Goytisolo è nato a Barcellona e trascorre la maggior parte della sua vita fra Marrakech e
Parigi. L’autore ha sempre avuto una forte avversione contro ogni forma di dogmatismo, sia
esso familiare o religioso, politico o culturale. Di idee filocomuniste e di estrazione borghese,
Goytisolo è convinto che il romanzo moderno debba essere parziale, ambiguo, relativista, per
cui uno stesso fatto può avere più di una versione. Secondo l’autore, il romanziere è un
osservatore di fenomeni pragmatici che non intende giudicare ma solo descrivere, per cui va
lasciato ai personaggi il compito di presentarsi da soli attraverso lunghe sequenze dialogiche.

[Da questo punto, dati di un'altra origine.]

(* Let $\omega\in\Omega_+$, $-\infty\le x\le y_1\le y_2\le z\le\infty$ with $y_1,y_2\in\mathbb Z$, and $t\in[0,\infty]$. Then \[P_{y_1,\omega}[T_z\le T_x\wedge t]\le P_{y_2,\omega}[T_z\le T_x\wedge t].\]
   Context: Cookie environments: $\Omega_+=([1/2,1]^{\mathbb N})^{\mathbb Z}$. $P_{x,\omega}$ is the law of the nearest-neighbor process $(X_n)_{n\ge0}$ with $X_0=x$ which, on its $i$-th visit to site $z$, jumps to $z+1$ with probability $\omega(z,i)$ and to $z-1$ otherwise. $T_k=\inf\{n\ge0:X_n=k\}$ for $k\in\mathbb Z$, and $T_\infty=T_{-\infty}=\infty$. *)

theory Defs
  imports "HOL-Probability.Probability"
begin

text \<open>Cookie environments: omega z i is the probability to jump right on the i-th
  visit (i = 1, 2, ...) to site z. The value at i = 0 is irrelevant.\<close>
definition Omega_plus :: "(int \<Rightarrow> nat \<Rightarrow> real) set" where
  "Omega_plus = {\<omega>. \<forall>z i. i \<ge> 1 \<longrightarrow> 1/2 \<le> \<omega> z i \<and> \<omega> z i \<le> 1}"

definition cookie_space :: "(nat \<Rightarrow> real) measure" where
  "cookie_space = PiM UNIV (\<lambda>_::nat. uniform_measure lborel {0..1::real})"

text \<open>History X_0, ..., X_n of the walk started at x driven by u: at time n the walk
  is at p, which it visits for the i-th time (i = number of occurrences of p in the
  history so far); it jumps to p+1 iff u n < omega p i.\<close>
fun cookie_hist :: "int \<Rightarrow> (int \<Rightarrow> nat \<Rightarrow> real) \<Rightarrow> (nat \<Rightarrow> real) \<Rightarrow> nat \<Rightarrow> int list" where
  "cookie_hist x \<omega> u 0 = [x]"
| "cookie_hist x \<omega> u (Suc n) =
     (let xs = cookie_hist x \<omega> u n; p = last xs; i = count_list xs p
      in xs @ [if u n < \<omega> p i then p + 1 else p - 1])"

definition cookie_walk :: "int \<Rightarrow> (int \<Rightarrow> nat \<Rightarrow> real) \<Rightarrow> (nat \<Rightarrow> real) \<Rightarrow> nat \<Rightarrow> int" where
  "cookie_walk x \<omega> u n = last (cookie_hist x \<omega> u n)"

definition cookie_prob :: "int \<Rightarrow> (int \<Rightarrow> nat \<Rightarrow> real) \<Rightarrow> ((nat \<Rightarrow> int) \<Rightarrow> bool) \<Rightarrow> real" where
  "cookie_prob x \<omega> A = measure cookie_space {u \<in> space cookie_space. A (cookie_walk x \<omega> u)}"

text \<open>Hitting time T_k = inf{n. X_n = k} (infinity if never, in particular for k = +-infinity).\<close>
definition hit :: "(nat \<Rightarrow> int) \<Rightarrow> ereal \<Rightarrow> ereal" where
  "hit X k = (if \<exists>n. ereal (of_int (X n)) = k
              then ereal (real (LEAST n. ereal (of_int (X n)) = k)) else \<infinity>)"

end

theory Submission
  imports Defs
begin

(* Fix targets b <= y < y + 1 <= a and let h(y) be the probability that the walk started at y
   reaches a within n steps without visiting b before. Let L(K) be the expectation of K, evaluated
   in the leftover environment, on reaching y + 1 from y before b, so that h(y) = L(h(y + 1));
   and h(y + 1) is the expectation, on leaving y + 1, of h(y) if y is reached before a and of 1
   otherwise. The first phase only moves at sites <= y, the second only at sites >= y + 1, so they
   eat disjoint cookies and can be swapped. After the swap, h(y) is the expression for h(y + 1)
   with h(y) replaced by L(h(y)) <= L(h(y + 1)) = h(y) (induction on n) and 1 replaced by
   L(1) <= 1; hence h(y) <= h(y + 1). Reflecting the line gives the reverse monotonicity for the
   left target, which handles t = oo: there the event is the complement of hitting x before z,
   an increasing limit of finite-horizon events. *)

section \<open>Cookie environments and walks stopped on entering a set\<close>

type_synonym env = "int \<Rightarrow> nat \<Rightarrow> real"

definition consume_cookie :: "int \<Rightarrow> env \<Rightarrow> env" where
  "consume_cookie p \<omega> = (\<lambda>z i. if z = p then \<omega> z (Suc i) else \<omega> z i)"

definition cookie_env :: "env \<Rightarrow> bool" where
  "cookie_env \<omega> \<longleftrightarrow> (\<forall>z i. 1 \<le> i \<longrightarrow> 0 \<le> \<omega> z i \<and> \<omega> z i \<le> 1)"

lemma Omega_plus_imp_cookie_env: "\<omega> \<in> Omega_plus \<Longrightarrow> cookie_env \<omega>"
  unfolding Omega_plus_def cookie_env_def by (fastforce intro: order_trans[of 0 "1/2"])

lemma cookie_env_consume_cookie: "cookie_env \<omega> \<Longrightarrow> cookie_env (consume_cookie p \<omega>)"
  by (auto simp: cookie_env_def consume_cookie_def)

lemma cookie_env_first_cookie: "cookie_env \<omega> \<Longrightarrow> 0 \<le> \<omega> z 1 \<and> \<omega> z 1 \<le> 1"
  by (auto simp: cookie_env_def)

lemma consume_cookie_commute: "consume_cookie p (consume_cookie q \<omega>) = consume_cookie q (consume_cookie p \<omega>)"
  by (auto simp: consume_cookie_def fun_eq_iff)

lemma consume_cookie_other: "p \<noteq> q \<Longrightarrow> consume_cookie p \<omega> q i = \<omega> q i"
  by (simp add: consume_cookie_def)

lemma convex_comb_mono:
  fixes \<alpha> A B A' B' :: real
  assumes "0 \<le> \<alpha>" "\<alpha> \<le> 1" "A \<le> A'" "B \<le> B'"
  shows "\<alpha> * A + (1 - \<alpha>) * B \<le> \<alpha> * A' + (1 - \<alpha>) * B'"
  using assms by (intro add_mono mult_left_mono) auto

text \<open>\<open>run_until S K p \<omega> n\<close> is \<open>E\<^sub>p\<^sub>,\<^sub>\<omega>[K(X\<^sub>\<tau>, \<omega>\<^sub>\<tau>, n - \<tau>); \<tau> \<le> n]\<close>, where \<open>\<tau>\<close> is the
  first time the walk is in \<open>S\<close> and \<open>\<omega>\<^sub>\<tau>\<close> is the environment left over at that time.\<close>
fun run_until :: "(int \<Rightarrow> bool) \<Rightarrow> (int \<Rightarrow> env \<Rightarrow> nat \<Rightarrow> real) \<Rightarrow> int \<Rightarrow> env \<Rightarrow> nat \<Rightarrow> real" where
  "run_until S K p \<omega> 0 = (if S p then K p \<omega> 0 else 0)"
| "run_until S K p \<omega> (Suc n) = (if S p then K p \<omega> (Suc n) else
     \<omega> p 1 * run_until S K (p + 1) (consume_cookie p \<omega>) n
     + (1 - \<omega> p 1) * run_until S K (p - 1) (consume_cookie p \<omega>) n)"

lemma run_until_stop [simp]: "S p \<Longrightarrow> run_until S K p \<omega> n = K p \<omega> n"
  by (cases n) auto

lemma run_until_zero [simp]: "run_until S (\<lambda>_ _ _. 0) p \<omega> n = 0"
  by (induction n arbitrary: p \<omega>) auto

lemma run_until_le_one:
  assumes "cookie_env \<omega>" and "\<And>q \<omega>' m. K q \<omega>' m \<le> 1"
  shows "run_until S K p \<omega> n \<le> 1"
  using assms(1)
proof (induction n arbitrary: p \<omega>)
  case (Suc n)
  then have "run_until S K (p + 1) (consume_cookie p \<omega>) n \<le> 1"
    and "run_until S K (p - 1) (consume_cookie p \<omega>) n \<le> 1"
    by (simp_all add: cookie_env_consume_cookie)
  then show ?case
    using assms(2) cookie_env_first_cookie[OF Suc.prems] by (auto intro: convex_bound_le)
qed (simp add: assms(2))

lemma run_until_mono:
  assumes "cookie_env \<omega>"
    and "\<And>q \<omega>' m. cookie_env \<omega>' \<Longrightarrow> m \<le> n \<Longrightarrow> m < n \<or> q = p \<Longrightarrow> K q \<omega>' m \<le> K' q \<omega>' m"
  shows "run_until S K p \<omega> n \<le> run_until S K' p \<omega> n"
  using assms
proof (induction n arbitrary: p \<omega>)
  case (Suc n)
  have "run_until S K p' (consume_cookie p \<omega>) n \<le> run_until S K' p' (consume_cookie p \<omega>) n" for p'
    using Suc by (intro Suc.IH) (auto simp: cookie_env_consume_cookie)
  then show ?case
    using Suc.prems cookie_env_first_cookie[OF Suc.prems(1)] by (simp add: convex_comb_mono)
qed simp

lemma run_until_cong:
  assumes "R p" and "\<And>q. R q \<Longrightarrow> \<not> S q \<Longrightarrow> R (q + 1) \<and> R (q - 1)"
    and "\<And>q \<omega> m. R q \<Longrightarrow> S q \<Longrightarrow> K q \<omega> m = K' q \<omega> m"
  shows "run_until S K p \<omega> n = run_until S K' p \<omega> n"
  using assms(1) by (induction n arbitrary: p \<omega>) (simp_all add: assms(2,3))

lemma run_until_restart:
  assumes "\<And>q. T q \<Longrightarrow> S q"
  shows "run_until T K p \<omega> n = run_until S (run_until T K) p \<omega> n"
  by (induction n arbitrary: p \<omega>) (auto dest: assms)

text \<open>Since every site lies in \<open>S\<close> or in \<open>S'\<close>, the two walks never move from the same
  site, so they eat disjoint sets of cookies and can be run in either order.\<close>
lemma run_until_commute:
  fixes K :: "int \<Rightarrow> int \<Rightarrow> env \<Rightarrow> nat \<Rightarrow> real"
  assumes disjoint: "\<And>r. S r \<or> S' r"
  shows "run_until S (\<lambda>p' \<omega>' m. run_until S' (K p') q \<omega>' m) p \<omega> n
       = run_until S' (\<lambda>q' \<omega>' m. run_until S (\<lambda>p'. K p' q') p \<omega>' m) q \<omega> n"
    (is "?L p q \<omega> n = ?R p q \<omega> n")
proof (induction n arbitrary: p q \<omega> rule: less_induct)
  case (less n)
  consider "S p" | "S' q" | "\<not> S p" "\<not> S' q" "n = 0" | (move) m where "\<not> S p" "\<not> S' q" "n = Suc m"
    by (cases n) auto
  then show ?case
  proof cases
    case (move m)
    have "p \<noteq> q"
      using move disjoint by metis
    define \<alpha> \<beta> where "\<alpha> = \<omega> p 1" and "\<beta> = \<omega> q 1"
    define \<omega>\<^sub>p \<omega>\<^sub>q \<omega>\<^sub>p\<^sub>q where "\<omega>\<^sub>p = consume_cookie p \<omega>" and "\<omega>\<^sub>q = consume_cookie q \<omega>"
      and "\<omega>\<^sub>p\<^sub>q = consume_cookie p \<omega>\<^sub>q"
    have \<alpha>: "\<omega>\<^sub>q p 1 = \<alpha>" and \<beta>: "\<omega>\<^sub>p q 1 = \<beta>" and \<omega>\<^sub>p\<^sub>q: "consume_cookie q \<omega>\<^sub>p = \<omega>\<^sub>p\<^sub>q"
      using \<open>p \<noteq> q\<close> by (simp_all add: \<alpha>_def \<beta>_def \<omega>\<^sub>p_def \<omega>\<^sub>q_def \<omega>\<^sub>p\<^sub>q_def consume_cookie_other
          consume_cookie_commute)
    have L: "?L p q \<omega> n = \<alpha> * ?R (p + 1) q \<omega>\<^sub>p m + (1 - \<alpha>) * ?R (p - 1) q \<omega>\<^sub>p m"
      using move less.IH[of m] by (simp add: \<alpha>_def \<omega>\<^sub>p_def)
    have R: "?R p q \<omega> n = \<beta> * ?L p (q + 1) \<omega>\<^sub>q m + (1 - \<beta>) * ?L p (q - 1) \<omega>\<^sub>q m"
      using move less.IH[of m] by (simp add: \<beta>_def \<omega>\<^sub>q_def)
    show ?thesis
    proof (cases m)
      case 0
      then show ?thesis
        using move L R by simp
    next
      case (Suc k)
      have R_step: "?R p' q \<omega>\<^sub>p m = \<beta> * ?R p' (q + 1) \<omega>\<^sub>p\<^sub>q k + (1 - \<beta>) * ?R p' (q - 1) \<omega>\<^sub>p\<^sub>q k" for p'
        using move Suc \<beta> \<omega>\<^sub>p\<^sub>q by simp
      have L_step: "?L p q' \<omega>\<^sub>q m = \<alpha> * ?R (p + 1) q' \<omega>\<^sub>p\<^sub>q k + (1 - \<alpha>) * ?R (p - 1) q' \<omega>\<^sub>p\<^sub>q k" for q'
        using move Suc \<alpha> less.IH[of k] by (simp add: \<omega>\<^sub>p\<^sub>q_def)
      show ?thesis
        unfolding L R R_step L_step by (simp add: algebra_simps)
    qed
  qed simp_all
qed
lemma sigma_pos:
  assumes "finite W" "walks_between W E s t \<noteq> {}"
  shows "sigma W E s t > 0"
  using shortest_paths_nonempty[OF assms(2)] finite_shortest_paths[OF assms(1)]
  unfolding sigma_def by (simp add: card_gt_0_iff)

lemma sigma_via_source: "sigma_via W E s t s = sigma W E s t"
proof -
  have "{p \<in> shortest_paths W E s t. s \<in> set p} = shortest_paths W E s t"
    by (auto simp: shortest_paths_def walks_between_def walk_def)
  then show ?thesis by (simp add: sigma_via_def sigma_def)
qed

lemma pair_dependency_source:
  assumes "finite W" "walks_between W E s t \<noteq> {}"
  shows "pair_dependency W E s s t = 1"
  using sigma_pos[OF assms] by (simp add: pair_dependency_def sigma_via_source)

lemma pair_dependency_loop:
  assumes "s \<in> W" "v \<noteq> s"
  shows "pair_dependency W E v s s = 0"
proof -
  have trivial: "[s] \<in> walks_between W E s s"
    using assms by (auto simp: walks_between_def walk_def)
  have "p = [s]" if "p \<in> shortest_paths W E s s" for p
  proof -
    from that have "\<forall>ys\<in>walks_between W E s s. length p \<le> length ys" "p \<noteq> []" "hd p = s"
      by (auto simp: shortest_paths_def walks_between_def walk_def)
    with trivial have "length p \<le> 1" "p \<noteq> []" "hd p = s" by auto
    then show ?thesis by (cases p) auto
  qed
  then have "{p \<in> shortest_paths W E s s. v \<in> set p} = {}" using assms by fastforce
  then have "sigma_via W E s s v = 0"
    unfolding sigma_via_def by (simp only: card.empty)
  then show ?thesis by (simp add: pair_dependency_def)
qed

lemma shortest_paths_commute:
  assumes "\<And>x y. E x y \<Longrightarrow> E y x"
  shows "shortest_paths W E s t = rev ` shortest_paths W E t s"
proof -
  have "successively (\<lambda>x y. E y x) xs = successively E xs" for xs
    by (rule successively_cong) (use assms in auto)
  then have walks: "xs \<in> walks_between W E s t \<longleftrightarrow> rev xs \<in> walks_between W E t s" for xs s t
    by (auto simp: walks_between_def walk_iff_successively hd_rev last_rev)
  have "xs \<in> shortest_paths W E s t \<Longrightarrow> rev xs \<in> shortest_paths W E t s" for xs s t
    unfolding shortest_paths_def using walks[of "rev ys" for ys] walks by force
  then show ?thesis by (auto intro!: image_eqI[where x="rev xs" for xs])
qed

lemma pair_dependency_commute:
  assumes "\<And>x y. E x y \<Longrightarrow> E y x"
  shows "pair_dependency W E v s t = pair_dependency W E v t s"
proof -
  have paths: "shortest_paths W E s t = rev ` shortest_paths W E t s"
    by (rule shortest_paths_commute[OF assms])
  then have "{p \<in> shortest_paths W E s t. v \<in> set p} = rev ` {p \<in> shortest_paths W E t s. v \<in> set p}"
    by auto
  then show ?thesis
    by (simp add: pair_dependency_def sigma_via_def sigma_def card_image paths)
qed

lemma walks_between_pendant:
  assumes nbr: "\<And>w. E x w \<longleftrightarrow> w = p" and "x \<in> W" "t \<noteq> x"
  shows "walks_between W E x t = Cons x ` walks_between W E p t"
proof
  show "walks_between W E x t \<subseteq> Cons x ` walks_between W E p t"
  proof
    fix xs assume "xs \<in> walks_between W E x t"
    then have w: "xs \<noteq> []" "set xs \<subseteq> W" "successively E xs" "hd xs = x" "last xs = t"
      by (auto simp: walks_between_def walk_iff_successively)
    then obtain ys where xs: "xs = x # ys"
      by (cases xs) auto
    with w \<open>t \<noteq> x\<close> have "ys \<noteq> []" by auto
    with w xs nbr have "hd ys = p" by (cases ys) (auto simp: successively_Cons)
    with w xs \<open>ys \<noteq> []\<close> have "ys \<in> walks_between W E p t"
      by (auto simp: walks_between_def walk_iff_successively successively_Cons)
    then show "xs \<in> Cons x ` walks_between W E p t" using xs by auto
  qed
next
  show "Cons x ` walks_between W E p t \<subseteq> walks_between W E x t"
    using assms by (auto simp: walks_between_def walk_iff_successively successively_Cons)
qed

lemma pair_dependency_pendant:
  assumes "\<And>w. E x w \<longleftrightarrow> w = p" and "x \<in> W" "t \<noteq> x" "v \<noteq> x"
  shows "pair_dependency W E v x t = pair_dependency W E v p t"
proof -
  have "walks_between W E x t = Cons x ` walks_between W E p t"
    using assms(1-3) by (rule walks_between_pendant)
  then have paths: "shortest_paths W E x t = Cons x ` shortest_paths W E p t"
    unfolding shortest_paths_def by auto
  then have "{q \<in> shortest_paths W E x t. v \<in> set q} = Cons x ` {q \<in> shortest_paths W E p t. v \<in> set q}"
    using \<open>v \<noteq> x\<close> by auto
  then show ?thesis
    by (simp add: pair_dependency_def sigma_via_def sigma_def paths card_image)
qed

lemma pendant_not_inner_on_shortest_path:
  assumes sym: "\<And>x y. E x y \<Longrightarrow> E y x"
    and xs: "xs \<in> shortest_paths W E s t" and "z \<in> set xs"
    and nbr: "\<And>w. E z w \<longleftrightarrow> w = p"
  shows "z = s \<or> z = t"
proof (rule ccontr)
  assume inner: "\<not> (z = s \<or> z = t)"
  from xs have w: "xs \<noteq> []" "set xs \<subseteq> W" "successively E xs" "hd xs = s" "last xs = t"
    and shortest: "\<And>ys. ys \<in> walks_between W E s t \<Longrightarrow> length xs \<le> length ys"
    by (auto simp: shortest_paths_def walks_between_def walk_iff_successively)
  from \<open>z \<in> set xs\<close> obtain A B where AB: "xs = A @ z # B" by (meson split_list)
  obtain A' a where A: "A = A' @ [a]"
    using AB w inner by (cases A rule: rev_cases) auto
  obtain b B' where B: "B = b # B'"
    using AB w inner by (cases B) auto
  have "E a z" "E z b" using w(3) unfolding AB A B
    by (auto simp: successively_append_iff successively_Cons)
  then have "a = p" "b = p" using nbr sym by blast+
  \<comment> \<open>the detour a z b = p z p can be cut to p\<close>
  then have "A' @ a # B' \<in> walks_between W E s t"
    using w unfolding AB A B walks_between_def walk_iff_successively
    by (auto simp: successively_append_iff successively_Cons hd_append split: if_splits)
  from shortest[OF this] show False unfolding AB A B by simp
qed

Tuttavia, mettere in pratica tutto questo non è semplice, per cui la carica innovatrice di questo
nuovo tipo di romanzo risulta intrappolata fra la complessità degli intenti teorici e
l’inadeguatezza dei risultati testuali.
Nel 1956 l’autore decide di trasferirsi a Parigi, a quel tempo rifugio di molti spagnoli contrari
al regime di Franco e centro di vivaci dibattiti nel campo delle scienze umane. Questo
trasferimento è un drastico segno della sua sprovincializzazione. L’autore, da questo
momento, fonde nelle sue opere vita privata e la politica, con lo sguardo straniero di chi ha
solo punti di riferimento instabili e comincia a disconoscere le proprie origini. In quel periodo
di esilio volontario, il fatto che i suoi libri siano proibiti in Spagna gli appare più liberatorio
che penoso, un incentivo a disfarsi anche sul piano affettivo dell’ormai tanto odiata identità
spagnola. L’incontro a Parigi con un immigrato arabo di cui si innamorerà gli dischiude
contemporaneamente il mondo dell’amore omosessuale e della civiltà islamica. Da questo
momento in poi, l’autore rompe col passato e questa rottura emerge moltissimo dai romanzi
di quegli anni: in ogni opera Goytisolo cerca di fondere se stesso e ciò che scrive, l’artista e
l’opera.
Le tappe fondamentali della sua vita vengono raccontate in una trilogia che vede come
protagonista una sorta di alter ego dell’autore: Álvaro Mendiola. In questi tre libri si assiste
all’indagine sulle cause dell’esilio volontario di un catalano che vive a Parigi; la distruzione
dei valori della Spagna cattolica da parte della dittatura; l’Islam come modello di una nuova
esistenza, dopo una deludente rivisitazione della storia occidentale, finita con il rifiuto della
lingua castigliana. In virtù di tutte queste tematiche trattate, il confine tra realtà e finzione è
dissolto: mediante le evidenti intrusioni autobiografiche dell’autore, egli sottopone se stesso e
le sue esperienze personali a un rimescolamento di attributi, ruoli e fini.